The BASHH 2014 guidelines recommend testing women according to clinical signs and symptoms, and men with persistent urethritis and/or who are contacts of individuals diagnosed with T. vaginalis.4 Widespread screening for T. vaginalis was previously limited because of a reliance on diagnostic assays, such as culture or wet mounts, which lack sensitivity and are time consuming. However, molecular assays with enhanced sensitivity are now readily available, either commercially or in-house, raising important questions about deployment of such tests for diagnostic and screening purposes.

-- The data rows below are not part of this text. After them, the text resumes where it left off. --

definition is_negotiation :: "('p, 'n, 'r) negotiation \<Rightarrow> bool" where
  "is_negotiation \<N> \<longleftrightarrow>
     finite (procs \<N>) \<and> finite (nodes \<N>) \<and>
     (\<forall>n\<in>nodes \<N>. ndom \<N> n \<subseteq> procs \<N> \<and> ndom \<N> n \<noteq> {}) \<and>
     n_init \<N> \<in> nodes \<N> \<and> n_fin \<N> \<in> nodes \<N> \<and>
     ndom \<N> (n_init \<N>) = procs \<N> \<and> ndom \<N> (n_fin \<N>) = procs \<N> \<and>
     (\<forall>n\<in>nodes \<N>. out \<N> n \<subseteq> results \<N>) \<and>
     (\<forall>n\<in>nodes \<N>. n \<noteq> n_fin \<N> \<longrightarrow> out \<N> n \<noteq> {}) \<and>
     (\<forall>n\<in>nodes \<N>. \<forall>a\<in>out \<N> n. \<forall>p\<in>ndom \<N> n.
        delta \<N> n a p \<noteq> {} \<and> delta \<N> n a p \<subseteq> nodes \<N> \<and>
        (\<forall>n'\<in>delta \<N> n a p. p \<in> ndom \<N> n'))"

type_synonym ('p, 'n) config = "'p \<Rightarrow> 'n set"

definition C_init :: "('p, 'n, 'r) negotiation \<Rightarrow> ('p, 'n) config" where
  "C_init \<N> = (\<lambda>p. {n_init \<N>})"

definition C_fin :: "('p, 'n, 'r) negotiation \<Rightarrow> ('p, 'n) config" where
  "C_fin \<N> = (\<lambda>p. {n_fin \<N>})"

definition enabled :: "('p, 'n, 'r) negotiation \<Rightarrow> ('p, 'n) config \<Rightarrow> 'n \<Rightarrow> bool" where
  "enabled \<N> C n \<longleftrightarrow> n \<in> nodes \<N> \<and> (\<forall>p\<in>ndom \<N> n. n \<in> C p)"

definition step :: "('p, 'n, 'r) negotiation \<Rightarrow> ('p, 'n) config \<Rightarrow> 'n \<times> 'r \<Rightarrow> ('p, 'n) config \<Rightarrow> bool" where
  "step \<N> C na C' \<longleftrightarrow> (case na of (n, a) \<Rightarrow>
     enabled \<N> C n \<and> a \<in> out \<N> n \<and>
     C' = (\<lambda>p. if p \<in> ndom \<N> n then delta \<N> n a p else C p))"

inductive run :: "('p, 'n, 'r) negotiation \<Rightarrow> ('p, 'n) config \<Rightarrow> ('n \<times> 'r) list \<Rightarrow> ('p, 'n) config \<Rightarrow> bool"
  for \<N> where
  run_Nil: "run \<N> C [] C"
| run_Cons: "step \<N> C na C' \<Longrightarrow> run \<N> C' w C'' \<Longrightarrow> run \<N> C (na # w) C''"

The third National Survey of Sexual Attitudes and Lifestyles (Natsal-3) is a probability sample survey, which included urine testing and reported history of diagnoses to estimate the prevalence for a range of STIs.5 Natsal-3 used molecular assays for T. vaginalis to enable description of the age-specific and gender-specific prevalence of T. vaginalis within the sexually active British general population to inform clinical practice and public health policy.
Participants and survey procedures
Natsal-3 was a stratified probability sample survey of 15 162 men and women aged 16–74 years in Britain who were interviewed during 2010–2012.6 ,7 The estimated overall response rate was 57.7%, and the cooperation rate was 65.8% (of all eligible addresses contacted). Participants were interviewed in their own homes using computer-assisted personal interview and computer-assisted self-interview (CASI). The CASI included questions about participants' sexual behaviour, their history of being diagnosed with STIs by a healthcare professional and their experience of genital symptoms associated with STIs in the month before interview. After the interview, we invited a sample of participants aged 16–44 years to provide urine for STI testing. Full methodological details have been described elsewhere.5–7
In 2013, we undertook anonymous testing for T. vaginalis, without return of results, on DNA extracts taken from urine samples where there was sufficient sample (4482 out of 4550 participants) and where participants had provided consent for storage (4386 out of 4482 participants). All DNA extracts were screened using a modified primary RT-PCR that detects a 92-bp repeat-region fragment of T. vaginalis DNA,8 ,9 and samples that generated a positive or equivocal screening result were retested with a secondary RT-PCR, which targets a conserved portion of the T. vaginalis β-tubulin gene.9 ,10 A confirmed positive result was deemed to be one where the first RT-PCR was positive or equivocal and the second RT-PCR was positive.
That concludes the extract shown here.